Did you happen to notice that US national debt rose a record $328 billion in a single day and ticked over the $17 trillion mark? When does it stop rising? It doesn't. It's out of control and unsustainable, although you wouldn't know it from the sovereign debt ratings assigned to the US by S&P (AA+), Moody's (AAA) and Fitch (AAA).

You want the truth? You can't handle the truth! On Thursday, China's Dagong Global Credit Rating downgraded America's sovereign debt to A- with a negative outlook (see: http://www.cnbc.com/id/101122993), yet no one on Wall Street stopped to notice. After all, why should it matter what America's largest creditor thinks?

For that matter, why should it even matter to Wall Street that Douglas Elmendorf, head of the Congressional Budget Office, recently declared, "The federal budget is on a course that cannot be sustained indefinitely" (http://www.cnbc.com/id/101065200)? An A- rating with a negative outlook is actually too high, but let's bury our heads in the sand and continue to let the good times roll! 

In her latest New York Times op-ed entitled "Cat on a Hot Stove" (http://www.nytimes.com/2013/10/20/opinion/sunday/cat-on-a-hot-stove.html?ref=maureendowd&_r=0), Maureen Dowd begins by observing:

"PRESIDENT OBAMA won big.

So why did the moment feel so small?

At his victory scold in the State Dining Room on Thursday, the president who yearned to be transformational stood beneath an oil portrait of Abraham Lincoln and demanded . . . a farm bill. He also couldn’t resist taking a holier-than-thou tone toward his tail-between-their-legs Tea Party foes.
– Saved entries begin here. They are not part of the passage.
(* Let $\mathcal{H}$ be a complex Hilbert space and $T,W\in\mathcal{B}(\mathcal{H})$ with $W\geq0$. Then there exist $T_{lr},T_{ls}\in\mathcal{B}(\mathcal{H})$ such that $T=T_{lr}+T_{ls}$, $T_{lr}$ is $W$-left regular and $T_{ls}$ is $W$-left strongly singular.
   Context: $\mathcal{B}(\mathcal{H})$ is the set of bounded everywhere defined operators on $\mathcal{H}$; $S\geq0$ means $\langle Sf,f\rangle\geq0$ for all $f$. For non-negative $S,W\in\mathcal{B}(\mathcal{H})$: $S$ is $W$-absolutely continuous if $\langle Wf_n,f_n\rangle\to0$ and $\langle S(f_n-f_m),f_n-f_m\rangle\to0$ imply $\langle Sf_n,f_n\rangle\to0$; $S$ is $W$-singular if the only $Q\in\mathcal{B}(\mathcal{H})$ with $0\leq Q\leq S$ and $0\leq Q\leq W$ is $Q=0$. $M_l(T)$ is the set of non-negative $S_1\in\mathcal{B}(\mathcal{H})$ for which there is a non-negative $S_2\in\mathcal{B}(\mathcal{H})$ with $|\langle Tf,g\rangle|\leq\langle S_1f,f\rangle^{1/2}\langle S_2g,g\rangle^{1/2}$ for all $f,g\in\mathcal{H}$. $T$ is $W$-left regular if some $S_1\in M_l(T)$ is $W$-absolutely continuous, and $W$-left strongly singular if some $S_1\in M_l(T)$ is $W$-singular. *)

theory Defs
  imports "HOL-Analysis.Analysis"
begin

class complex_vector = ab_group_add +
  fixes scaleC :: "complex \<Rightarrow> 'a \<Rightarrow> 'a"
  assumes scaleC_add_right: "scaleC a (x + y) = scaleC a x + scaleC a y"
    and scaleC_add_left: "scaleC (a + b) x = scaleC a x + scaleC b x"
    and scaleC_scaleC: "scaleC a (scaleC b x) = scaleC (a * b) x"
    and scaleC_one: "scaleC 1 x = x"

text \<open>Inner product, linear in the first and conjugate-linear in the second argument.\<close>
class complex_inner = complex_vector +
  fixes cinner :: "'a \<Rightarrow> 'a \<Rightarrow> complex"
  assumes cinner_add_left: "cinner (x + y) z = cinner x z + cinner y z"
    and cinner_scaleC_left: "cinner (scaleC a x) y = a * cinner x y"
    and cinner_commute: "cinner x y = cnj (cinner y x)"
    and cinner_ge_zero: "Im (cinner x x) = 0 \<and> Re (cinner x x) \<ge> 0"
    and cinner_eq_zero_iff: "cinner x x = 0 \<longleftrightarrow> x = 0"
begin

definition cnorm :: "'a \<Rightarrow> real" where
  "cnorm x = sqrt (Re (cinner x x))"

end

class chilbert_space = complex_inner +
  assumes cauchy_convergent:
    "(\<forall>e>0. \<exists>N::nat. \<forall>m\<ge>N. \<forall>n\<ge>N. cnorm (X m - X n) < e) \<Longrightarrow>
     (\<exists>L. \<forall>e>0. \<exists>N::nat. \<forall>n\<ge>N. cnorm (X n - L) < e)"

definition bounded_op :: "('a::complex_inner \<Rightarrow> 'a) \<Rightarrow> bool" where
  "bounded_op T \<longleftrightarrow>
     (\<forall>x y. T (x + y) = T x + T y) \<and>
     (\<forall>a x. T (scaleC a x) = scaleC a (T x)) \<and>
     (\<exists>K. \<forall>x. cnorm (T x) \<le> K * cnorm x)"
theorem corollary2:
  fixes M :: nat and w b :: "nat \<Rightarrow> real"
  assumes "M \<ge> 1"
    and "\<forall>i<M. w i > 0"
    and "\<forall>i<M. b i > 0"
    and "(\<Sum>i<M. b i) < 1"
  shows "(((\<lambda>eps. \<bar>Delta_bar M w eps (r_star M w b eps) - Delta_opt M w b eps\<bar>)
            \<longlongrightarrow> 0) (at_right 0))
         \<and> ((\<lambda>eps. Delta_opt M w b eps) \<longlongrightarrow> (\<Sum>i<M. w i / b i + w i)) (at_right 0)"
proof
  have star: "((\<lambda>e. Delta_bar M w e (r_star M w b e)) \<longlongrightarrow> (\<Sum>i<M. w i / b i + w i)) (at_right 0)"
    using Delta_bar_r_star_tendsto[OF assms] by (rule tendsto_mono[rotated]) (simp add: at_le)
  show opt: "((\<lambda>e. Delta_opt M w b e) \<longlongrightarrow> (\<Sum>i<M. w i / b i + w i)) (at_right 0)"
    using Delta_opt_tendsto[OF assms(2-4)] .
  show "((\<lambda>e. \<bar>Delta_bar M w e (r_star M w b e) - Delta_opt M w b e\<bar>) \<longlongrightarrow> 0) (at_right 0)"
    using tendsto_rabs[OF tendsto_diff[OF star opt]] by simp
qed

end
lemma map_pmf_component_iid_sample:
  "i < n \<Longrightarrow> map_pmf (\<lambda>\<omega>. \<omega> i) (iid_sample P n) = P"
  unfolding iid_sample_def by (subst Pi_pmf_component) auto

lemma count_obs_pos: "y \<in> \<omega> ` {..<n} \<Longrightarrow> count_obs n \<omega> y > 0"
  unfolding count_obs_def by (auto simp: card_gt_0_iff)

lemma count_obs_eq_0: "y \<notin> \<omega> ` {..<n} \<Longrightarrow> count_obs n \<omega> y = 0"
  unfolding count_obs_def by auto

lemma sum_count_obs: "(\<Sum>y\<in>\<omega> ` {..<n}. real (count_obs n \<omega> y)) = real n"
proof -
  have "card {..<n} = card (\<Union>y\<in>\<omega> ` {..<n}. {i\<in>{..<n}. \<omega> i = y})"
    by (rule arg_cong[where f = card]) auto
  also have "\<dots> = (\<Sum>y\<in>\<omega> ` {..<n}. count_obs n \<omega> y)"
    unfolding count_obs_def by (rule card_UN_disjoint) auto
  finally show ?thesis
    by (simp flip: of_nat_sum)
qed

lemma mult_ln_ratio_ge:
  fixes c m :: real
  assumes "c > 0" "m > 0"
  shows "c - m \<le> c * ln (c / m)"
proof -
  have "ln (m / c) \<le> m / c - 1"
    using assms by (intro ln_le_minus_one) simp
  then have "c * (1 - m / c) \<le> c * ln (c / m)"
    using assms by (intro mult_left_mono) (auto simp: ln_div)
  then show ?thesis
    using assms by (simp add: right_diff_distrib)
qed

lemma mult_ln_ratio_le:
  fixes c m :: real
  assumes "c > 0" "m > 0"
  shows "c * ln (c / m) \<le> (c - m)\<^sup>2 / m + (c - m)"
proof -
  have "c * ln (c / m) \<le> c * (c / m - 1)"
    using assms by (intro mult_left_mono ln_le_minus_one) auto
  also have "\<dots> = (c - m)\<^sup>2 / m + (c - m)"
    using assms by (simp add: field_simps power2_eq_square)
  finally show ?thesis .
qed

definition pearson_stat :: "'y pmf \<Rightarrow> nat \<Rightarrow> 'y set \<Rightarrow> (nat \<Rightarrow> 'y) \<Rightarrow> real" where
  "pearson_stat P n S \<omega> =
     (\<Sum>y\<in>S. (real (count_obs n \<omega> y) - real n * pmf P y)\<^sup>2 / (real n * pmf P y))"
(* Let $\mathcal G$ be a good and equicontinuous pseudogroup on a compact metric space $X$, with good generating set $\mathcal G_1$ and compacted generating set $\mathcal G_2$. Then there is no Borel probability measure on $X$ that is $(\mathcal G,\mathcal G_2)$-expansive.
   Context: $\mathrm{Homeo}(X)$: homeomorphisms $g:D_g\to R_g$ between open subsets of $X$, composed on natural domains $D_{h\circ g}=g^{-1}(D_h)$. A pseudogroup is a subset of $\mathrm{Homeo}(X)$ containing $\mathrm{id}_X$, closed under composition, inversion, restriction to open subsets, and gluing along open covers of the domain. $\Gamma$ generates $\mathcal G$ if $\bigcup_{g\in\Gamma}(D_g\cup R_g)=X$ and $\mathcal G$ is exactly the set of $g\in\mathrm{Homeo}(X)$ locally equal near each point of $D_g$ to a finite composition of elements of $\Gamma$ and their inverses. A finite symmetric (containing $\mathrm{id}_X$, closed under inverses) generating set $\mathcal G_1$ is good if for each $g\in\mathcal G_1$ there is a compact $K_g\subset D_g$ such that $\mathcal G_2=\{g|_{\mathrm{int}(K_g)}:g\in\mathcal G_1\}$ still generates $\mathcal G$ ($\mathcal G_2$ is the compacted generating set; $\mathcal G$ is good if it has a good generating set). $\mathcal G$ is equicontinuous if it has a generating set $\Gamma$ closed under composition and inversion and satisfying: for every $\varepsilon>0$ there is $\delta>0$ such that for all $x,y\in X$ and $g\in\Gamma$ with $x,y\in D_g$, $d(x,y)<\delta\Rightarrow d(g(x),g(y))<\varepsilon$. Let $\mathcal G^2_n=\{h_1\circ\cdots\circ h_n:h_j\in\mathcal G_2\}$, $\mathcal G^{2,x}_n=\{g\in\mathcal G^2_n:x\in D_g\}$, $\Phi^2_\delta(x)=\{y:d(g(x),g(y))\le\delta\ \forall n\in\mathbb N,\ \forall g\in\mathcal G^{2,x}_n\cap\mathcal G^{2,y}_n\}$. A Borel probability measure $\mu$ is $(\mathcal G,\mathcal G_2)$-expansive if there is $\delta>0$ with $\mu(\Phi^2_\delta(x))=0$ for every $x\in X$. *)

theory Defs
  imports "HOL-Analysis.Analysis" "HOL-Probability.Probability"
begin

(* Partial maps g : D_g -> R_g on a metric space (the whole type is X) are
represented as maps 'a \<rightharpoonup> 'a, with D_g = dom g and R_g = ran g.
Composition on natural domains is map composition map composition, identity is Some. *)

definition phomeo :: "('a::topological_space \<rightharpoonup> 'a) \<Rightarrow> bool" where
  "phomeo g \<longleftrightarrow> open (dom g) \<and> open (ran g) \<and>
     (\<exists>f'. homeomorphism (dom g) (ran g) (\<lambda>x. the (g x)) f')"

definition pinv :: "('a \<rightharpoonup> 'a) \<Rightarrow> ('a \<rightharpoonup> 'a)" where
  "pinv g = (\<lambda>y. if y \<in> ran g then Some (THE x. g x = Some y) else None)"

definition pseudogroup :: "('a::topological_space \<rightharpoonup> 'a) set \<Rightarrow> bool" where
  "pseudogroup G \<longleftrightarrow>
     (\<forall>g\<in>G. phomeo g) \<and> Some \<in> G \<and>
     (\<forall>g\<in>G. \<forall>h\<in>G. h \<circ>\<^sub>m g \<in> G) \<and>
     (\<forall>g\<in>G. pinv g \<in> G) \<and>
     (\<forall>g\<in>G. \<forall>U. open U \<longrightarrow> g |` U \<in> G) \<and>
     (\<forall>g. phomeo g \<and> (\<forall>x\<in>dom g. \<exists>U. open U \<and> x \<in> U \<and> g |` U \<in> G) \<longrightarrow> g \<in> G)"
lemma psi_add_closed:
  assumes "A \<in> PsiD" "B \<in> PsiD"
  shows "psi_add A B \<in> PsiD"
proof -
  obtain K1 M1 where A: "\<And>k m. A k m \<noteq> 0 \<Longrightarrow> k \<le> K1 \<and> m \<le> M1"
    using PsiD_boundedE[OF assms(1)] by blast
  obtain K2 M2 where B: "\<And>k m. B k m \<noteq> 0 \<Longrightarrow> k \<le> K2 \<and> m \<le> M2"
    using PsiD_boundedE[OF assms(2)] by blast
  show ?thesis
  proof (rule PsiD_boundedI[of _ "max K1 K2" "max M1 M2"])
    fix k m assume "psi_add A B k m \<noteq> 0"
    then have "A k m \<noteq> 0 \<or> B k m \<noteq> 0" by (auto simp: psi_add_def)
    then show "k \<le> max K1 K2 \<and> m \<le> max M1 M2" using A B by fastforce
  qed
qed

lemma psi_smult_closed: "A \<in> PsiD \<Longrightarrow> psi_smult c A \<in> PsiD"
  unfolding PsiD_def psi_smult_def by auto

lemma psi_one_in_PsiD: "psi_one \<in> PsiD"
  by (rule PsiD_boundedI[of _ 0 0]) (simp add: psi_one_def split: if_splits)

lemma psi_mult_closed:
  assumes "A \<in> PsiD" "B \<in> PsiD"
  shows "psi_mult A B \<in> PsiD"
proof -
  obtain K1 M1 where A: "\<And>k m. A k m \<noteq> 0 \<Longrightarrow> k \<le> K1 \<and> m \<le> M1"
    using PsiD_boundedE[OF assms(1)] by blast
  obtain K2 M2 where B: "\<And>k m. B k m \<noteq> 0 \<Longrightarrow> k \<le> K2 \<and> m \<le> M2"
    using PsiD_boundedE[OF assms(2)] by blast
  show ?thesis
  proof (rule PsiD_boundedI[of _ "K1 + K2" "M1 + M2"])
    fix k m assume "psi_mult A B k m \<noteq> 0"
    then obtain a b j where "A a b \<noteq> 0" "B (k + int j - a) (m + int j - b) \<noteq> 0"
      unfolding psi_mult_def by (auto elim: sum.not_neutral_contains_not_neutral)
    with A B show "k \<le> K1 + K2 \<and> m \<le> M1 + M2" by fastforce
  qed
qed

lemma psi_sharp_closed:
  assumes "C \<in> PsiD"
  shows "psi_sharp C \<in> PsiD"
proof -
  obtain K M where C: "\<And>k m. C k m \<noteq> 0 \<Longrightarrow> k \<le> K \<and> m \<le> M"
    using PsiD_boundedE[OF assms] by blast
  show ?thesis
  proof (rule PsiD_boundedI[of _ M K])
    fix k m assume "psi_sharp C k m \<noteq> 0"
    then obtain j where "C (m + int j) (k + int j) \<noteq> 0"
      unfolding psi_sharp_apply psi_dagger_def by (auto elim: sum.not_neutral_contains_not_neutral)
    with C show "k \<le> M \<and> m \<le> K" by fastforce
  qed
qed

section \<open>The sharp map\<close>

lemma psi_sharp_add:
  assumes "A \<in> PsiD" "B \<in> PsiD"
  shows "psi_sharp (psi_add A B) = psi_add (psi_sharp A) (psi_sharp B)"
proof (intro ext)
  fix k m
  let ?w = "\<lambda>j. dagger_weight (m + int j) (k + int j) j"
  have "psi_sharp (psi_add A B) k m
      = Sum_any (\<lambda>j. A (m + int j) (k + int j) * ?w j + B (m + int j) (k + int j) * ?w j)"
    unfolding psi_sharp_Sum_any[OF psi_add_closed[OF assms]] by (simp add: psi_add_def algebra_simps)
  also have "\<dots> = psi_add (psi_sharp A) (psi_sharp B) k m"
    unfolding psi_add_def psi_sharp_Sum_any[OF assms(1)] psi_sharp_Sum_any[OF assms(2)]
    by (intro Sum_any.distrib finite_subset[OF _ finite_diagonal_support[OF assms(1)]]
        finite_subset[OF _ finite_diagonal_support[OF assms(2)]]) auto
  finally show "psi_sharp (psi_add A B) k m = psi_add (psi_sharp A) (psi_sharp B) k m" .
qed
He assumed his favorite role of the shining knight hectoring the benighted: Sir Lecturealot.

'All of us need to stop focusing on the lobbyists and the bloggers and the talking heads on radio and the professional activists who profit from conflict,' he sermonized. (We have met the enemy and they are . . . bloggers?)"

Obama won big? Why did the moment feel so small? My sympathies are not with the scorched earth tactics of the Tea Party, but one of the last opportunities to set the American economy aright has come and gone. If Obama won big, America - not the Republicans - lost big. And although it may take another 25 years (less if interest rates rise), the writing is on the wall. (Stop focusing on the . . . bloggers? That should make all the difference.)

Dowd continues:

"Obama says he will now work for an immigration bill and a budget deal with deficit cuts. But as Peter Nicholas and Carol E. Lee pointed out in The Wall Street Journal, the president did not mention his more ambitious goals: hiking the minimum wage, widening access to preschool education, and shoring up bridges and roads."

From where will the funding for Obamacare and these other "ambitious goals" come? Answer: With the shutdown behind us, the US Treasury will soon be printing money around the clock, and it might be well worth your while to begin examining financing options on a hi-tech wheelbarrow that will soon be needed to cart piles of $100 bills over to the nearest supermarket to buy bread.

Dowd's conclusion:

"The paradox of Obama is that he believes in his own magical powers, but then he doesn’t turn up to use them."

But why should he bother using these magical powers, if, as Valerie Jarrett would have us know, the president has "been bored to death his whole life" and is "just too talented to do what ordinary people do"? Or stated more simply, why should the anointed one condescend to the level of the hoi polloi?

As I see it, three more years of Obama should pretty much finish off any chance of the US surviving as a global power - economic, military or otherwise.